Robinson-García et al. (2017) provide an extensive description of DataCite,⁵ how to access the more than seven million data records, what kinds of data are included, where stored data stems from, and when data were published. They found that 12% of valid records are text or articles and that 23% of all DataCite records include DOIs although this number is highly dependent on the data record type (i.e., 90% of DOIs belong to datasets). However, more than one million records (14.7% of all records) were empty due to some data structure modifications carried out by DataCite and should be removed when using DataCite for bibliometric or other analyses. The authors revealed some more conceptual issues with DataCite (e.g., what constitutes data records, how they should be described, or what is the correct publication year) that impact the description of data and which also should be taken into account when working with DataCite information.

Thelwall and Kousha (2016) explored the Figshare repository via profiles of 2,675 Figshare members and showed that data labeled as “media” are more often viewed than other data types. Plus, while “datasets” are the most common data record they are least viewed and second least shared. However, “the results give no suggestion that any particular resource type is ignored in Figshare” (Thelwall and Kousha, 2016). The engagement with data on Figshare is yet influenced by the subject category and the resource type. Later, Park and Wolfram (2017) performed a citer-based analysis on the basis of two million data publications from the WoS subject area with the most data citations, i.e., “Genetics and Heredity.”

While efforts are in place that foster data citation standards (e.g., Data Cite or Martone, 2014), it has been pointed out (He and Nahar, 2016) that signals of research data reuse still most often appear in two different forms: first, as data citations that formally cite data in the reference section of the article and which point to the data set themselves (so-called “reuse citations”; Mayo et al., 2016; see also Robinson-García et al., 2016), and second, as mentions or footnotes (so-called “intratextual citations”; Mayo et al., 2016) in the body of the article. Mayo et al. (2016) found that intratextual citations are most common in articles and that formal reuse citations only appear in 8% of articles. Those varying citation practices have severe implications for bibliometric studies, which typically rely on citation data that are most often extracted from the reference sections of articles (Konkiel, 2013).

There has been a call for alternative metrics for data reuse, which goes beyond traditional forms of citing (Dorch, 2013). Ingwersen (2014) argues that a Data Usage Index (DUI) is needed, that includes, among others, number of searched records, download frequencies, and number for searches. By using such metrics, he could show that “a Bradford distribution can be observed for searched biodiversity dataset records dispersed over datasets” (p. 111) which let him conclude “that the DUI is appropriate” (p. 116).

In addition to citing research data in the articles, there is a growing number of data journals available that publish descriptions of and links to research data. A study conducted by the CWTS for Elsevier⁶ revealed that one-third of researchers do not publish data at all. If they share data, 33% of asked researchers publish data as an appendix to the publication, 28% as stand alone data publication, and 13% in a data repository. Thus, the authors conclude that “data journals are still a relatively small-scale phenomenon […] [but] the popularity of data journals is growing quite rapidly” (p. 18).

Aims of the Study

Our case study follows the vein of works that describe novel platforms and their potential for bibliometric studies, for example, Kraker et al. (2015), Peters et al. (2015, 2016), and Thelwall and Kousha (2016), who studied Figshare, or Robinson-García et al. (2017) who investigated DataCite, or He and Han (2017) and He and Nahar (2016) who studied Dryad.

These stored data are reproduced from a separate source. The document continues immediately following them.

(* Let $n,j,k,s\geq 1$. If $\mathsf{RT}^n_k\leq_{\mathrm{sW}}\mathsf{RT}^n_j$, then $\mathsf{RT}^n_{k^s}\leq_{\mathrm{sW}}\mathsf{RT}^n_{j^s}$.
   Context: For $n,k\geq1$, $\mathsf{RT}^n_k$ is the problem whose instances are colorings $f:[\omega]^n\to k$ and whose solutions are infinite sets $H$ with $f$ constant on $[H]^n$. $\mathsf{P}\leq_{\mathrm{sW}}\mathsf{Q}$ means there are Turing functionals $\Phi,\Psi$ such that for every instance $A$ of $\mathsf{P}$, $\Phi(A)$ is an instance of $\mathsf{Q}$, and for every solution $T$ to $\Phi(A)$, $\Psi(T)$ is a solution to $A$. *)

theory Defs
  imports Main "HOL-Library.Nat_Bijection"
begin

datatype rf = Zero | Succ | Proj nat | Orc | Comp rf "rf list" | Prim rf rf | Mn rf

inductive eval :: "(nat \<Rightarrow> nat) \<Rightarrow> rf \<Rightarrow> nat list \<Rightarrow> nat \<Rightarrow> bool" for A where
  ev_zero: "eval A Zero xs 0"
| ev_succ: "eval A Succ (x # xs) (Suc x)"
| ev_proj: "i < length xs \<Longrightarrow> eval A (Proj i) xs (xs ! i)"
| ev_orc: "eval A Orc (x # xs) (A x)"
| ev_comp: "list_all2 (\<lambda>g v. eval A g xs v) gs vs \<Longrightarrow> eval A f vs y \<Longrightarrow> eval A (Comp f gs) xs y"
| ev_prim0: "eval A f xs y \<Longrightarrow> eval A (Prim f g) (0 # xs) y"
| ev_primS: "eval A (Prim f g) (m # xs) z \<Longrightarrow> eval A g (z # m # xs) y
             \<Longrightarrow> eval A (Prim f g) (Suc m # xs) y"
| ev_mn: "eval A f (y # xs) 0 \<Longrightarrow> (\<forall>z<y. \<exists>v. v > 0 \<and> eval A f (z # xs) v)
          \<Longrightarrow> eval A (Mn f) xs y"

definition computes :: "rf \<Rightarrow> (nat \<Rightarrow> nat) \<Rightarrow> (nat \<Rightarrow> nat) \<Rightarrow> bool" where
  "computes e A B \<longleftrightarrow> (\<forall>x. eval A e [x] (B x))"

type_synonym problem = "((nat \<Rightarrow> nat) \<Rightarrow> bool) \<times> ((nat \<Rightarrow> nat) \<Rightarrow> (nat \<Rightarrow> nat) \<Rightarrow> bool)"

definition sW_le :: "problem \<Rightarrow> problem \<Rightarrow> bool" where
  "sW_le P Q \<longleftrightarrow> (\<exists>\<Phi> \<Psi>. \<forall>A. fst P A \<longrightarrow>
      (\<exists>B. computes \<Phi> A B \<and> fst Q B \<and>
         (\<forall>T. snd Q B T \<longrightarrow> (\<exists>C. computes \<Psi> T C \<and> snd P A C))))"

text \<open>A colouring f : [omega]^n -> k is coded by c :: nat => nat with
  f(F) = c (set_encode F) for every F with card F = n, c(set_encode F) < k,
  and c m = 0 when m does not code an n-element set (canonical coding).\<close>
definition RT_inst :: "nat \<Rightarrow> nat \<Rightarrow> (nat \<Rightarrow> nat) \<Rightarrow> bool" where
  "RT_inst n k c \<longleftrightarrow>
     (\<forall>F. finite F \<and> card F = n \<longrightarrow> c (set_encode F) < k) \<and>
     (\<forall>m. card (set_decode m) \<noteq> n \<longrightarrow> c m = 0)"

definition char_set :: "(nat \<Rightarrow> nat) \<Rightarrow> nat set" where
  "char_set h = {x. h x = 1}"

definition RT_sol :: "nat \<Rightarrow> (nat \<Rightarrow> nat) \<Rightarrow> (nat \<Rightarrow> nat) \<Rightarrow> bool" where
  "RT_sol n c h \<longleftrightarrow> (\<forall>x. h x \<le> 1) \<and> infinite (char_set h) \<and>
     (\<exists>i. \<forall>F. F \<subseteq> char_set h \<and> finite F \<and> card F = n \<longrightarrow> c (set_encode F) = i)"

definition RT :: "nat \<Rightarrow> nat \<Rightarrow> problem" where
  "RT n k = (RT_inst n k, RT_sol n)"

end

theory Submission imports Defs begin

text \<open>
  A colouring A with k^s colours is split into its s base-k digits
  digit k l \<circ> A (l < s), each of which is a k-colouring.  Applying the given forward
  functional \<Phi> to every digit yields j-colourings B l, which we reassemble into
  the j^s-colouring whose value at x has base-j digits B 0 x, ..., B (s - 1) x.  The assembly is uniformly
  computable from A: the oracle of \<Phi> is replaced by a program computing a digit of A
  (possible by a finite table, as A is bounded by k^s).  Conversely, a set homogeneous
  for B is homogeneous for every B l (the base-j representation is injective), so the
  backward functional \<Psi> maps it to a set that is homogeneous for every digit of A
  (by determinism it is the same set for all l), hence homogeneous for A itself.  Thus \<Psi> serves unchanged as the backward functional.
\<close>

lemma eval_proj: "i < length xs \<Longrightarrow> xs ! i = y \<Longrightarrow> eval A (Proj i) xs y"
  using ev_proj by blast

lemma eval_comp1: "eval A g xs v \<Longrightarrow> eval A f [v] y \<Longrightarrow> eval A (Comp f [g]) xs y"
  by (rule ev_comp[where vs="[v]"]) auto

lemma eval_comp2:
  "eval A g1 xs v1 \<Longrightarrow> eval A g2 xs v2 \<Longrightarrow> eval A f [v1, v2] y \<Longrightarrow> eval A (Comp f [g1, g2]) xs y"
  by (rule ev_comp[where vs="[v1, v2]"]) auto

lemma eval_output: "eval A f xs y \<Longrightarrow> y = y' \<Longrightarrow> eval A f xs y'"
  by simp

fun const_rf :: "nat \<Rightarrow> rf" where
  "const_rf 0 = Zero"
| "const_rf (Suc c) = Comp Succ [const_rf c]"

lemma eval_const: "eval A (const_rf c) xs c"
  by (induction c) (auto intro: eval_comp1 ev_zero ev_succ)

definition add_rf :: rf where
  "add_rf = Prim (Proj 0) (Comp Succ [Proj 0])"

lemma eval_add: "eval A add_rf (m # x # xs) (m + x)"
proof (induction m)
  case 0
  show ?case unfolding add_rf_def by (rule ev_prim0, rule eval_proj) auto
next
  case (Suc m)
  show ?case unfolding add_rf_def
    by (rule ev_primS[OF Suc[unfolded add_rf_def]], rule eval_comp1, rule eval_proj,
        auto intro: ev_succ)
qed

definition mult_rf :: rf where
  "mult_rf = Prim Zero (Comp add_rf [Proj 0, Proj 2])"

lemma eval_mult: "eval A mult_rf (m # x # xs) (m * x)"
proof (induction m)
  case 0
  show ?case unfolding mult_rf_def by (rule eval_output, rule ev_prim0, rule ev_zero) auto
next
  case (Suc m)
  show ?case unfolding mult_rf_def
    by (rule ev_primS[OF Suc[unfolded mult_rf_def]], rule eval_comp2,
        (rule eval_proj, auto)[1], (rule eval_proj, auto)[1], rule eval_output, rule eval_add, simp)
qed

definition pred_rf :: rf where
  "pred_rf = Prim Zero (Proj 1)"

lemma eval_pred: "eval A pred_rf (m # xs) (m - 1)"
proof (induction m)
  case 0
  show ?case unfolding pred_rf_def by (auto intro: ev_prim0 ev_zero)
next
  case (Suc m)
  show ?case unfolding pred_rf_def
    by (rule eval_output[OF ev_primS[OF Suc[unfolded pred_rf_def] eval_proj]]) auto
qed

text \<open>Truncated subtraction, with the subtrahend as first argument.\<close>
definition monus_rf :: rf where
  "monus_rf = Prim (Proj 0) (Comp pred_rf [Proj 0])"

lemma eval_monus: "eval A monus_rf (m # x # xs) (x - m)"
proof (induction m)
  case 0
  show ?case unfolding monus_rf_def by (rule eval_output, rule ev_prim0, rule eval_proj) auto
next
  case (Suc m)
  show ?case unfolding monus_rf_def
    by (rule ev_primS[OF Suc[unfolded monus_rf_def]], rule eval_comp1, (rule eval_proj, auto)[1],
        rule eval_output, rule eval_pred, simp)
qed

text \<open>The indicator of y = c, computed as 1 - ((c - y) + (y - c)).\<close>
definition is_rf :: "nat \<Rightarrow> rf" where
  "is_rf c = Comp monus_rf [Comp add_rf [Comp monus_rf [Proj 0, const_rf c],
                                         Comp monus_rf [const_rf c, Proj 0]], const_rf 1]"

lemma eval_is: "eval A (is_rf c) (y # xs) (if y = c then 1 else 0)"
proof -
  have "eval A (Comp monus_rf [Proj 0, const_rf c]) (y # xs) (c - y)"
    by (rule eval_comp2, (rule eval_proj; simp), rule eval_const, rule eval_monus)
  moreover have "eval A (Comp monus_rf [const_rf c, Proj 0]) (y # xs) (y - c)"
    by (rule eval_comp2, rule eval_const, (rule eval_proj; simp), rule eval_monus)
  ultimately have "eval A (Comp add_rf [Comp monus_rf [Proj 0, const_rf c],
                     Comp monus_rf [const_rf c, Proj 0]]) (y # xs) ((c - y) + (y - c))"
    by (rule eval_comp2) (rule eval_add)
  moreover have "1 - ((c - y) + (y - c)) = (if y = c then 1 else 0)" by auto
  ultimately show ?thesis unfolding is_rf_def
    by (intro eval_comp2[OF _ eval_const] eval_output[OF eval_monus])
qed

fun table_rf :: "(nat \<Rightarrow> nat) \<Rightarrow> nat \<Rightarrow> rf" where
  "table_rf h 0 = Zero"
| "table_rf h (Suc c) = Comp add_rf [table_rf h c, Comp mult_rf [is_rf c, const_rf (h c)]]"

lemma eval_table: "eval A (table_rf h N) (y # xs) (if y < N then h y else 0)"
proof (induction N)
  case 0
  show ?case by (auto intro: ev_zero)
next
  case (Suc N)
  show ?case
    by (simp only: table_rf.simps, rule eval_comp2[OF Suc],
        rule eval_comp2[OF eval_is eval_const], rule eval_mult, rule eval_output, rule eval_add) (auto simp: less_Suc_eq)
qed

definition orc_table_rf :: "(nat \<Rightarrow> nat) \<Rightarrow> nat \<Rightarrow> rf" where
  "orc_table_rf h N = Comp (table_rf h N) [Orc]"

lemma eval_orc_table: "A x < N \<Longrightarrow> eval A (orc_table_rf h N) (x # xs) (h (A x))"
  unfolding orc_table_rf_def
  by (rule eval_comp1, rule ev_orc, rule eval_output, rule eval_table) simp

section \<open>Oracle substitution and determinism\<close>

primrec subst_orc :: "rf \<Rightarrow> rf \<Rightarrow> rf" where
  "subst_orc G Zero = Zero"
| "subst_orc G Succ = Succ"
| "subst_orc G (Proj i) = Proj i"
| "subst_orc G Orc = G"
| "subst_orc G (Comp f gs) = Comp (subst_orc G f) (map (subst_orc G) gs)"
| "subst_orc G (Prim f g) = Prim (subst_orc G f) (subst_orc G g)"
| "subst_orc G (Mn f) = Mn (subst_orc G f)"

lemma eval_subst_orc:
  assumes G: "\<And>x xs. eval A G (x # xs) (B x)"
  shows "eval B e xs y \<Longrightarrow> eval A (subst_orc G e) xs y"
proof (induction rule: eval.induct)
  case (ev_comp xs gs vs f y)
  have "list_all2 (\<lambda>g v. eval A g xs v) (map (subst_orc G) gs) vs"
    using ev_comp(1) unfolding list_all2_map1 by (rule list_all2_mono) simp
  then show ?case by (simp, rule eval.ev_comp) (rule ev_comp.IH(2))
next
  case (ev_mn f y xs)
  then show ?case by (simp, intro eval.ev_mn) blast+
qed (simp_all add: G eval.ev_zero eval.ev_succ eval.ev_proj eval.ev_prim0 eval.ev_primS)

lemma list_all2_unique:
  "list_all2 (\<lambda>g v. P g v \<and> (\<forall>v'. Q g v' \<longrightarrow> v = v')) gs vs \<Longrightarrow> list_all2 Q gs ws \<Longrightarrow> vs = ws"
proof (induction arbitrary: ws rule: list_all2_induct)
  case (Cons x xs y ys)
  then show ?case by (cases ws) auto
qed simp

inductive_cases eval_CompE: "eval A (Comp f gs) xs y"
inductive_cases eval_MnE: "eval A (Mn f) xs y"

text \<open>A program computes at most one output; for \<mu>-recursion this is the leastness
  of the root.\<close>
lemma eval_det: "eval A e xs y \<Longrightarrow> eval A e xs y' \<Longrightarrow> y = y'"
proof (induction arbitrary: y' rule: eval.induct)
  case (ev_comp xs gs vs f y)
  from ev_comp.prems obtain ws where ws: "list_all2 (\<lambda>g v. eval A g xs v) gs ws" "eval A f ws y'"
    by (cases rule: eval_CompE) blast
  have "vs = ws" by (rule list_all2_unique[OF ev_comp.IH(1) ws(1)])
  then show ?case using ev_comp.IH(2) ws(2) by simp
next
  case (ev_prim0 f xs y)
  from ev_prim0.prems have "eval A f xs y'" by (cases rule: eval.cases) auto
  then show ?case by (rule ev_prim0.IH)
next
  case (ev_primS f g m xs z y)
  from ev_primS.prems obtain z' where z': "eval A (Prim f g) (m # xs) z'" "eval A g (z' # m # xs) y'"
    by (cases rule: eval.cases) auto
  have "z = z'" by (rule ev_primS.IH(1)[OF z'(1)])
  then show ?case using ev_primS.IH(2) z'(2) by simp
next
  case (ev_mn f y xs)
  from ev_mn.prems have root: "eval A f (y' # xs) 0" and below: "\<forall>z<y'. \<exists>v>0. eval A f (z # xs) v"
    by (auto elim: eval_MnE)
  show ?case
  proof (rule linorder_cases[of y y'])
    assume "y < y'"
    with below obtain v where "v > 0" "eval A f (y # xs) v" by blast
    with ev_mn.IH(1) show ?case by force
  next
    assume "y' < y"
    with ev_mn.IH(2) root show ?case by force
  qed
qed (erule eval.cases; simp)+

In our work, we focus on the multidisciplinary open access (OA) research data repository Zenodo. Zenodo was created by OpenAIRE and CERN in 2013, and by now, it has been integrated into reporting lines for research funded by the European Commission. Zenodo accepts any file format as well as both positive and negative results, and it assigns all publicly available uploads a DOI to make the upload easily and uniquely citable. As one research data outlet among many, to date, Zenodo has not been extensively studied—hence, its characteristics and the reuse and reception of its data records are yet to be explored. Therefore, in this case study, we investigate Zenodo’s data records, their temporal distribution as well as the relation between data records and their licenses [e.g., closed access (CA), embargoed access, or OA]. In addition, we are interested in to what extent Zenodo records are reused or engaged with.

To understand the broader impact of the different kind of data records uploaded in Zenodo, we conduct a bibliometric analysis by using different metrics, including citations, usage, and altmetrics. Metrics data are gathered in Clarivate’s Web of Science Core Collection (including Proceedings and Book Citation Indices; WoS CC) and DCI as well as in one of the currently most popular tool for altmetrics studies, PlumX. The results of the bibliometric analysis are compared, especially with respect to the citedness of data records, the relationship between citations/altmetrics and data record types, and the data availability and intensity of altmetrics that are provided by PlumX and Altmetric.com. Also, we assess the role of the access rights of data records and how they affect altmetrics.

As such, with our case study, we aim to shed light on the characteristics of Zenodo and the broader impact of the different kinds of data records uploaded to the repository. Furthermore, we give insight into the reception of research data in Zenodo in comparison to research data from our previous analyses of Figshare and the DCI (Kraker et al., 2015; Peters et al., 2015, 2016). Thus, we will be able to show whether the repository itself (and its popularity as, for example, induced by mandates from the European Commission) affects usage and reception of data records. Such information can guide authors’ strategic publishing behavior.

Data and Methods

The next section will give an overview on the data and methods used in this study.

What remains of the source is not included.